Labour's state services spokesperson Phil Goff said he wanted to know why officials were being held responsible, rather than the ministers.

One resignation not enough - principals

Principals and teachers say it will take more than the resignation of a senior public servant to restore their trust in the Ministry of Education after the botched introduction of Novopay.

The inquiry found that officials misrepresented to government ministers Novopay's readiness to go live.

Hekia Parata.

Hekia Parata.

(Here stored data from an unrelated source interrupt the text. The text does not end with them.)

theorem proposition3p21:
  fixes X :: "'a set" and D :: "'d::linorder set" and z :: 'd and d :: "'a \<Rightarrow> 'a \<Rightarrow> 'd"
    and U :: "'u set" and du :: "'u \<Rightarrow> 'u \<Rightarrow> rat"
  assumes "countable_ts_ultrametric X D z d"
    and "rational_urysohn_ultrametric U du"
  shows "\<exists>e De. dc_embedding X D z d U {q. 0 \<le> q} 0 du e De \<and>
                ts_uniformly_continuous X D z d U {q. 0 \<le> q} 0 du e"
proof -
  have X: "ts_ultrametric X D z d" "countable X" "countable D"
    using assms(1) unfolding countable_ts_ultrametric_def by auto
  then have "z \<in> D" "\<forall>r\<in>D. z \<le> r" and dist_D: "\<And>x y. x \<in> X \<Longrightarrow> y \<in> X \<Longrightarrow> d x y \<in> D"
    unfolding ts_ultrametric_def by auto
  then obtain De :: "'d \<Rightarrow> rat" where "De z = 0" and De_nonneg: "\<forall>r\<in>D. 0 \<le> De r"
    and De_mono: "\<forall>r\<in>D. \<forall>s\<in>D. r < s \<longrightarrow> De r < De s"
    and De_small: "\<forall>r>0. \<exists>F. finite F \<and> F \<subseteq> D - {z} \<and> (\<forall>t\<in>D. (\<forall>f\<in>F. t < f) \<longrightarrow> De t < r)"
    using countable_distance_set_embedding_rat[of z D] \<open>countable D\<close> by blast
  have \<delta>: "rat_ultrametric X (\<lambda>x y. De (d x y))"
    using X(1) \<open>De z = 0\<close> De_mono by (rule rat_ultrametric_rescale)
  obtain e where e: "isometric_into X (\<lambda>x y. De (d x y)) U du e"
    using urysohn_embeds_countable[OF assms(2) X(2) \<delta>] by blast
  then have eU: "e ` X \<subseteq> U" and e_iso: "\<forall>x\<in>X. \<forall>y\<in>X. du (e x) (e y) = De (d x y)"
    unfolding isometric_into_def by simp_all
  have "inj_on e X"
    using \<delta> urysohn_rat_ultrametric[OF assms(2)] e
    unfolding rat_ultrametric_def by (rule ts_ultrametric_isometric_inj_on)
  then have "dc_embedding X D z d U {q. 0 \<le> q} 0 du e De"
    unfolding dc_embedding_def using eU De_nonneg De_mono \<open>De z = 0\<close> e_iso by blast
  moreover have "ts_uniformly_continuous X D z d U {q. 0 \<le> q} 0 du e"
  proof (rule ts_uniformly_continuous_if_distance_map[OF dist_D eU])
    show "du (e x) (e x') = De (d x x')" if "x \<in> X" "x' \<in> X" for x x'
      using e_iso that by blast
    show "\<exists>F. finite F \<and> F \<subseteq> D - {z} \<and> (\<forall>t\<in>D. (\<forall>f\<in>F. t < f) \<longrightarrow> De t < r)"
      if "r \<in> {q. 0 \<le> q} - {0}" for r
      using De_small that by simp
  qed
  ultimately show ?thesis by blast
qed

end
lemma shift_orbit:
  fixes \<sigma> :: "site \<Rightarrow> real"
  assumes step: "\<And>x. x \<in> A \<Longrightarrow> t \<le> \<sigma> x \<Longrightarrow> vadd v x \<in> A"
    and \<sigma>_add: "\<And>x y. \<sigma> (vadd x y) = \<sigma> x + \<sigma> y" and v: "0 \<le> \<sigma> v"
    and a: "a \<in> A" "t \<le> \<sigma> a"
  shows "vadd a (vscale (int j) v) \<in> A"
proof -
  have "vadd a (vscale (int j) v) \<in> A \<and> t \<le> \<sigma> (vadd a (vscale (int j) v))"
  proof (induction j)
    case 0
    then show ?case using a by (simp add: vscale_def vadd_def)
  next
    case (Suc j)
    have eq: "vadd a (vscale (int (Suc j)) v) = vadd v (vadd a (vscale (int j) v))"
      by (simp add: vadd_def vscale_def algebra_simps)
    let ?y = "vadd a (vscale (int j) v)"
    have "vadd v ?y \<in> A" using Suc step by blast
    moreover have "t \<le> \<sigma> (vadd v ?y)" using Suc v \<sigma>_add[of v ?y] by simp
    ultimately show ?case unfolding eq ..
  qed
  then show ?thesis ..
qed

text \<open>At bounded height, the windows at levels s + n, translated back by n e, all lie in one
  finite box; so only finitely many window shapes occur.\<close>

lemma shifted_windows_finite:
  assumes uS: "u \<in> S1" and e: "e \<in> line u" "ip e (rdir u) \<noteq> 0" and M: "\<forall>x\<in>A. ip x u \<le> M"
  shows "finite (\<Union>n::nat. vadd (vscale (- int n) e) ` window A (halfplane u) (lcoord u e) \<rho> (s + real n))"
    (is "finite ?V")
proof -
  let ?B = "{x. \<bar>ip x u\<bar> \<le> \<bar>M\<bar> \<and> \<bar>ip x (rdir u)\<bar> \<le> (\<bar>s - \<rho>\<bar> + \<bar>s\<bar>) * \<bar>ip e (rdir u)\<bar>}"
  have "?V \<subseteq> ?B"
  proof
    fix z assume "z \<in> ?V"
    then obtain n :: nat and x where x: "x \<in> window A (halfplane u) (lcoord u e) \<rho> (s + real n)"
      and z: "z = vadd (vscale (- int n) e) x" by blast
    have "lcoord u e z = lcoord u e x - real n"
      using e(2) by (simp add: z lcoord_vadd lcoord_vscale lcoord_self)
    then have "\<bar>lcoord u e z\<bar> \<le> \<bar>s - \<rho>\<bar> + \<bar>s\<bar>" using x by (auto simp: window_def)
    moreover have "ip z (rdir u) = lcoord u e z * ip e (rdir u)" using e(2) by (simp add: lcoord_def)
    ultimately have "\<bar>ip z (rdir u)\<bar> \<le> (\<bar>s - \<rho>\<bar> + \<bar>s\<bar>) * \<bar>ip e (rdir u)\<bar>"
      by (simp add: abs_mult mult_right_mono)
    moreover have "ip z u = ip x u" using e(1) by (simp add: z line_def)
    moreover have "0 \<le> ip x u" "ip x u \<le> M" using x M by (auto simp: window_def halfplane_def)
    ultimately show "z \<in> ?B" by auto
  qed
  then show ?thesis using box_finite[OF uS] finite_subset by blast
qed

text \<open>Beyond the seed, A is determined by its windows; at bounded
  height two windows, n and m levels beyond the seed, coincide up to translation by (m - n) e, and
  then A is invariant under this translation beyond level n.\<close>

lemma closure_periodic_along_line:
  assumes uf: "update_family U" and uS: "u \<in> S1" and st: "stable U u" and fin: "finite Z"
    and e: "e \<in> line u" "ip e (rdir u) \<noteq> 0"
    and unb: "\<forall>T. \<exists>x\<in>closure_U U (halfplane u \<union> Z) \<inter> line u. T < lcoord u e x"
  shows "\<exists>a\<in>closure_U U (halfplane u \<union> Z) \<inter> line u. \<exists>k::nat. 1 \<le> k \<and>
           (\<forall>j::nat. vadd a (vscale (int j) (vscale (int k) e)) \<in> closure_U U (halfplane u \<union> Z))"
proof -
  define A where "A = closure_U U (halfplane u \<union> Z)"
  define \<sigma> where "\<sigma> = lcoord u e"
  have \<sigma>_add: "\<And>x y. \<sigma> (vadd x y) = \<sigma> x + \<sigma> y" by (simp add: \<sigma>_def lcoord_vadd)
  obtain M where M: "\<forall>x\<in>A. ip x u \<le> M" using closure_height_bound[OF uf st fin] A_def by blast
  define \<rho> where "\<rho> = Max (insert 0 ((\<lambda>y. \<bar>\<sigma> y\<bar>) ` \<Union>U))"
  have "finite (\<Union>U)" using uf by (auto simp: update_family_def)
  then have "\<bar>\<sigma> y\<bar> \<le> \<rho>" if "y \<in> \<Union>U" for y
    unfolding \<rho>_def using that by (intro Max_ge) auto
  then have \<rho>: "\<forall>X\<in>U. \<forall>y\<in>X. - \<rho> \<le> \<sigma> y" by (fastforce simp: abs_le_iff)
  define s where "s = Max (insert 0 (\<sigma> ` Z)) + 1"
  have "\<sigma> z \<le> s - 1" if "z \<in> Z" for z
    unfolding s_def using fin that by (simp add: Max_ge)
  then have Zs: "\<forall>z\<in>Z. \<sigma> z < s + real n" for n
    by (smt (verit) of_nat_0_le_iff)
  define W where "W t = window A (halfplane u) \<sigma> \<rho> t" for t
  obtain n m :: nat where nm: "n < m"
    and eq: "vadd (vscale (- int n) e) ` W (s + real n) = vadd (vscale (- int m) e) ` W (s + real m)"
    using subsets_of_finite_repeat[OF shifted_windows_finite[OF uS e M, of \<rho> s],
        of "\<lambda>n. vadd (vscale (- int n) e) ` W (s + real n)"]
    unfolding W_def \<sigma>_def by blast
  define v where "v = vscale (int (m - n)) e"
  have "W (s + real m) = vadd (vscale (int m) e) ` vadd (vscale (- int m) e) ` W (s + real m)"
    by (simp add: image_image vadd_def vscale_def)
  also have "\<dots> = vadd v ` W (s + real n)"
    unfolding eq[symmetric] vadd_image_vadd vscale_add v_def using nm by (simp add: of_nat_diff)
  finally have shift: "W (s + real m) = vadd v ` W (s + real n)" .
  have "v \<in> line u" unfolding v_def by (rule line_vscale[OF e(1)])
  from window_shift[OF uf this \<sigma>_add \<rho> Zs[of n] shift[unfolded W_def A_def]]
  have step: "vadd v x \<in> A" if "x \<in> A" "s + real n \<le> \<sigma> x" for x
    using that unfolding A_def by blast
  obtain a where a: "a \<in> A \<inter> line u" "s + real n \<le> \<sigma> a"
    using unb unfolding A_def \<sigma>_def by (meson less_imp_le)
  have "0 \<le> \<sigma> v" using e(2) nm by (simp add: \<sigma>_def v_def lcoord_vscale lcoord_self)
  then have "vadd a (vscale (int j) v) \<in> A" for j
    using shift_orbit[OF step \<sigma>_add _ _ a(2)] a(1) by blast
  then show ?thesis using a(1) nm unfolding A_def v_def by (intro bexI[of _ a] exI[of _ "m - n"]) auto
qed
(* Let $q_1,q_2$ be probability densities with respect to a base measure $\mu$ on a common support $\Omega$, with $q_1(\omega)>0$ and $q_2(\omega)>0$ for all $\omega\in\Omega$. Let $\tilde q_i=Z_i q_i$ ($i=1,2$), where $Z_i>0$ are the normalizing constants, and let $r=Z_1/Z_2$. Let $\pi\in(0,1)$ and let $0<C_1<C_2$ be constants with $r\in[C_1,C_2]$. For $\tilde r\in[C_1,C_2]$ define $$G_\pi(\tilde r)=1-\frac{1}{\pi}E_{q_1}\!\left[\left(\frac{\pi\tilde q_2(\omega)\tilde r}{(1-\pi)\tilde q_1(\omega)+\pi\tilde q_2(\omega)\tilde r}\right)^{2}\right]-\frac{1}{1-\pi}E_{q_2}\!\left[\left(\frac{(1-\pi)\tilde q_1(\omega)}{(1-\pi)\tilde q_1(\omega)+\pi\tilde q_2(\omega)\tilde r}\right)^{2}\right].$$ Then $H_\pi(q_1,q_2)\ge \sup_{\tilde r\in[C_1,C_2]}G_\pi(\tilde r)$, and $G_\pi(\tilde r)=H_\pi(q_1,q_2)$ if and only if $\tilde r=r$. Moreover, let $\{\omega_{1j}\}_{j=1}^{n_1}$ be i.i.d. from $q_1$ and $\{\omega_{2j}\}_{j=1}^{n_2}$ be i.i.d. from $q_2$, and let $\hat G_\pi(\tilde r)$ be the empirical version of $G_\pi(\tilde r)$ obtained by replacing $E_{q_1}$ by the sample average over $\{\omega_{1j}\}$ and $E_{q_2}$ by the sample average over $\{\omega_{2j}\}$. If $\hat r_\pi\in\arg\max_{\tilde r\in[C_1,C_2]}\hat G_\pi(\tilde r)$, then $\hat r_\pi\to r$ in probability and $\hat G_\pi(\hat r_\pi)\to H_\pi(q_1,q_2)$ in probability as $n_1,n_2\to\infty$.
   Context: The weighted harmonic divergence with weight $\pi\in(0,1)$ is $H_\pi(q_1,q_2)=1-\int_\Omega\left(\pi q_1(\omega)^{-1}+(1-\pi)q_2(\omega)^{-1}\right)^{-1}d\mu(\omega)$. It is the $f$-divergence $D_f(q_1,q_2)=\int_\Omega f(q_1/q_2)\,q_2\,d\mu$ with generator $f(u)=1-\frac{u}{\pi+(1-\pi)u}$. Only the unnormalized densities $\tilde q_1,\tilde q_2$ are assumed evaluable. *)

theory Defs
  imports "HOL-Probability.Probability"
begin

definition harmonic_div :: "'a measure \<Rightarrow> real \<Rightarrow> ('a \<Rightarrow> real) \<Rightarrow> ('a \<Rightarrow> real) \<Rightarrow> real" where
  "harmonic_div M p q1 q2 =
     1 - (\<integral>\<omega>. inverse (p * inverse (q1 \<omega>) + (1 - p) * inverse (q2 \<omega>)) \<partial>M)"

definition hterm1 :: "real \<Rightarrow> ('a \<Rightarrow> real) \<Rightarrow> ('a \<Rightarrow> real) \<Rightarrow> real \<Rightarrow> 'a \<Rightarrow> real" where
  "hterm1 p qt1 qt2 rt \<omega> =
     ((p * qt2 \<omega> * rt) / ((1 - p) * qt1 \<omega> + p * qt2 \<omega> * rt))\<^sup>2"

definition hterm2 :: "real \<Rightarrow> ('a \<Rightarrow> real) \<Rightarrow> ('a \<Rightarrow> real) \<Rightarrow> real \<Rightarrow> 'a \<Rightarrow> real" where
  "hterm2 p qt1 qt2 rt \<omega> =
     (((1 - p) * qt1 \<omega>) / ((1 - p) * qt1 \<omega> + p * qt2 \<omega> * rt))\<^sup>2"

definition G_pi :: "'a measure \<Rightarrow> real \<Rightarrow> ('a \<Rightarrow> real) \<Rightarrow> ('a \<Rightarrow> real) \<Rightarrow>
    ('a \<Rightarrow> real) \<Rightarrow> ('a \<Rightarrow> real) \<Rightarrow> real \<Rightarrow> real" where
  "G_pi M p q1 q2 qt1 qt2 rt =
     1 - (1 / p) * (\<integral>\<omega>. q1 \<omega> * hterm1 p qt1 qt2 rt \<omega> \<partial>M)
       - (1 / (1 - p)) * (\<integral>\<omega>. q2 \<omega> * hterm2 p qt1 qt2 rt \<omega> \<partial>M)"

definition Ghat_pi :: "real \<Rightarrow> ('a \<Rightarrow> real) \<Rightarrow> ('a \<Rightarrow> real) \<Rightarrow>
    nat \<Rightarrow> (nat \<Rightarrow> 'a) \<Rightarrow> nat \<Rightarrow> (nat \<Rightarrow> 'a) \<Rightarrow> real \<Rightarrow> real" where
  "Ghat_pi p qt1 qt2 n1 xs1 n2 xs2 rt =
     1 - (1 / p) * ((\<Sum>j<n1. hterm1 p qt1 qt2 rt (xs1 j)) / real n1)
       - (1 / (1 - p)) * ((\<Sum>j<n2. hterm2 p qt1 qt2 rt (xs2 j)) / real n2)"

end

theory Submission
  imports Defs "HOL-Probability.Hoeffding" "HOL-Real_Asymp.Real_Asymp"
begin
(* Let $n$ be a positive integer, and let $a\in\mathcal{T}_n$ with $\operatorname{rank}(a)=r$. Then (i) $a\mathcal{T}_na\cong\mathcal{T}_r^c$ for some $c\in\mathcal{T}_r$ with $\operatorname{rank}(c)=\operatorname{rank}(a^2)$; (ii) $\mathcal{T}_n^a\cong b\mathcal{T}_{2n-r}b$ for some $b\in\mathcal{T}_{2n-r}$ with $\operatorname{rank}(b)=n$.
   Context: For a positive integer $m$, $\mathcal{T}_m$ denotes the full transformation semigroup on $\{1,\ldots,m\}$: the set of all functions $\{1,\ldots,m\}\to\{1,\ldots,m\}$ under composition (functions are written to the right of their arguments and composed left-to-right). The rank of $f\in\mathcal{T}_m$ is $\operatorname{rank}(f)=|\operatorname{im}(f)|$. For a semigroup $S$ and $a\in S$, the local subsemigroup $aSa=\{axa: x\in S\}$ is a subsemigroup of $S$ (with the operation of $S$), and the variant $S^a$ is the semigroup with underlying set $S$ and operation $x\star_a y=xay$. Isomorphism $\cong$ means semigroup isomorphism. *)

theory Defs
  imports Main
begin

text \<open>Transformations of the m-element set, represented as the set {0..<m}
  (a relabelling of {1..m}). To make the representation canonical, a transformation
  is a function on nat that maps {0..<m} into itself and fixes every point >= m.\<close>

definition FullT :: "nat \<Rightarrow> (nat \<Rightarrow> nat) set" where
  "FullT m = {f. (\<forall>x<m. f x < m) \<and> (\<forall>x\<ge>m. f x = x)}"

text \<open>Product in T_m: functions are written to the right of their arguments and composed
  left to right, so x(fg) = (xf)g, i.e. tmul f g = g o f.\<close>

definition tmul :: "(nat \<Rightarrow> nat) \<Rightarrow> (nat \<Rightarrow> nat) \<Rightarrow> (nat \<Rightarrow> nat)" where
  "tmul f g = g \<circ> f"
(* Let $G=(V,E)$ with weights $w^\pm$ be as in the context, and let $P_0,N_0\subseteq V$ be disjoint. The joint distribution of the pair (final +active set, final -active set) produced by the CLT process with seeds $(P_0,N_0)$ is identical to the joint distribution of the pair (set of +active nodes, set of -active nodes) defined by distances in the random live-path graph $G_X$.
   Context: Weights: $G=(V,E)$ finite directed graph, each edge $(u,v)$ has weights $w^+_{uv},w^-_{uv}\ge 0$, with $w^\pm_{uv}=0$ for non-edges and $\sum_u w^+_{uv}\le1$, $\sum_u w^-_{uv}\le 1$ for all $v$. Seeds $P_0,N_0$ are disjoint. CLT process (two independent LT diffusions with negative dominance). Each node $v$ draws $\theta^+_v,\theta^-_v$ independently and uniformly from $[0,1]$. The positive diffusion is the LT process $R^+_0=P_0$, $R^+_t=R^+_{t-1}\cup\{v:\sum_{u\in R^+_{t-1}}w^+_{uv}\ge\theta^+_v\}$, and $\tau^+(v)=\min\{t: v\in R^+_t\}$ ($=\infty$ if no such $t$). The negative diffusion is defined identically from $N_0$, $w^-$, $\theta^-$, giving $\tau^-(v)$. A node $v$ is finally -active iff $\tau^-(v)<\infty$ and $\tau^-(v)\le\tau^+(v)$, and finally +active iff $\tau^+(v)<\infty$ and $\tau^+(v)<\tau^-(v)$. Random live-path graph $G_X$: independently for each $v\in V$, select at most one positive in-edge, choosing $(u,v)$ with probability $w^+_{uv}$ and no positive in-edge with probability $1-\sum_u w^+_{uv}$; independently, select at most one negative in-edge in the same way using $w^-$. Let $G^+$ (resp. $G^-$) be the graph on $V$ with the selected positive (resp. negative) edges. For $A\subseteq V$, $d_{G^+}(A,v)$ is the length of a shortest directed path in $G^+$ from a node of $A$ to $v$ ($0$ if $v\in A$, $\infty$ if none); $d_{G^-}(A,v)$ similarly. In $G_X$, $v$ is +active iff $d_{G^+}(P_0,v)<\infty$ and $d_{G^+}(P_0,v)<d_{G^-}(N_0,v)$, and -active iff $d_{G^-}(N_0,v)<\infty$ and $d_{G^-}(N_0,v)\le d_{G^+}(P_0,v)$. *)

theory Defs
  imports "HOL-Probability.Probability"
begin
(* Let $p$ be a binary word of length $l$ with exactly $2$ runs. For every $n\ge l$, every $p$-optimal binary word of length $n$ has exactly $2$ runs.
   Context: $c_p(w)$ is the number of occurrences of $p$ as a (not necessarily consecutive) subsequence of $w$. $M_{n,p}=\max\{c_p(w): w\in\{0,1\}^n\}$; a binary word $w$ of length $n$ is $p$-optimal if $c_p(w)=M_{n,p}$. A run is a maximal block of consecutive equal letters. *)

theory Defs
  imports Main
begin

text \<open>Binary words are lists of booleans (letter 0 = False, letter 1 = True).\<close>

definition occ :: "bool list \<Rightarrow> bool list \<Rightarrow> nat" where
  "occ p w = card {is. length is = length p \<and> sorted_wrt (<) is \<and>
                      (\<forall>j<length p. is ! j < length w \<and> w ! (is ! j) = p ! j)}"

definition maxocc :: "nat \<Rightarrow> bool list \<Rightarrow> nat" where
  "maxocc n p = Max ((occ p) ` {w. length w = n})"

definition optimal :: "bool list \<Rightarrow> bool list \<Rightarrow> bool" where
  "optimal p w \<longleftrightarrow> occ p w = maxocc (length w) p"

definition runs :: "bool list \<Rightarrow> nat" where
  "runs w = length (remdups_adj w)"

end

theory Submission
  imports Defs
begin

text \<open>A word with two runs is \<open>p = x\<^sup>a (\<not>x)\<^sup>b\<close>. If \<open>w\<close> has \<open>m\<close> letters \<open>x\<close> and \<open>k\<close> letters \<open>\<not>x\<close>,
  sending an occurrence of \<open>p\<close> in \<open>w\<close> to the pair (set of its first \<open>a\<close> positions, set of its
  last \<open>b\<close> positions) is injective, so \<open>c\<^sub>p(w) \<le> C(m,a) C(k,b)\<close>. The sorted word
  \<open>x\<^sup>m (\<not>x)\<^sup>k\<close> attains this bound, while it is strict if some \<open>\<not>x\<close> precedes some \<open>x\<close> in \<open>w\<close>:
  no occurrence is sent to a pair containing that later \<open>x\<close> and that earlier \<open>\<not>x\<close>. Hence an
  optimal word is sorted, and it contains both letters since it contains an occurrence of \<open>p\<close>.\<close>

definition block_word :: "nat \<Rightarrow> nat \<Rightarrow> bool \<Rightarrow> bool list" where
  "block_word a b x = replicate a x @ replicate b (\<not>x)"

lemma length_block_word [simp]: "length (block_word a b x) = a + b"
  by (simp add: block_word_def)

lemma nth_block_word: "j < a + b \<Longrightarrow> block_word a b x ! j = (if j < a then x else \<not>x)"
  by (simp add: block_word_def nth_append)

Photo: NATIONAL PARTY

However, the primary teachers' union, the NZEI, said Education Minister Hekia Parata, her then- associate Craig Foss and Finance Minister Bill English did not ask the right questions.

NZEI national secretary Paul Goulter told Radio New Zealand's Morning Report programme their resignations are essential if teachers and parents are to trust the Government again.

The Te Tai Tokerau Principals Association, which represents Northland principals, said the politicians should demonstrate the same integrity Anne Jackson showed when she resigned.

Hekia Parata says she shoulders some of the blame for the botch-up, but maintains officials are to blame for misleading her, Mr English and Mr Foss.

Ms Parata said she and the other ministers were given either overly optimistic or inaccurate information which subsequently led to misinformed decision-making.

Ministry reviewing all IT projects

The Ministry of Education is reviewing all its IT projects to ensure it does not repeat the mistakes made with Novopay.

The ministry has multimillion-dollar projects underway, including a new system for tracking early childhood enrolments and a tool for helping teachers use the national standards in reading, writing and maths.

Acting Secretary for Education Peter Hughes says none of the projects come close to Novopay in terms of their scope, scale or cost. However, he says the ministry is reviewing them to ensure the lessons learned from Novopay are implemented.

Post Primary Teachers Association president Angela Roberts says the IT review is vital and will help prevent the ministry wasting money that would be better spent directly on education. Ms Roberts says the ministry needs to involve teachers and principals when it develops new systems.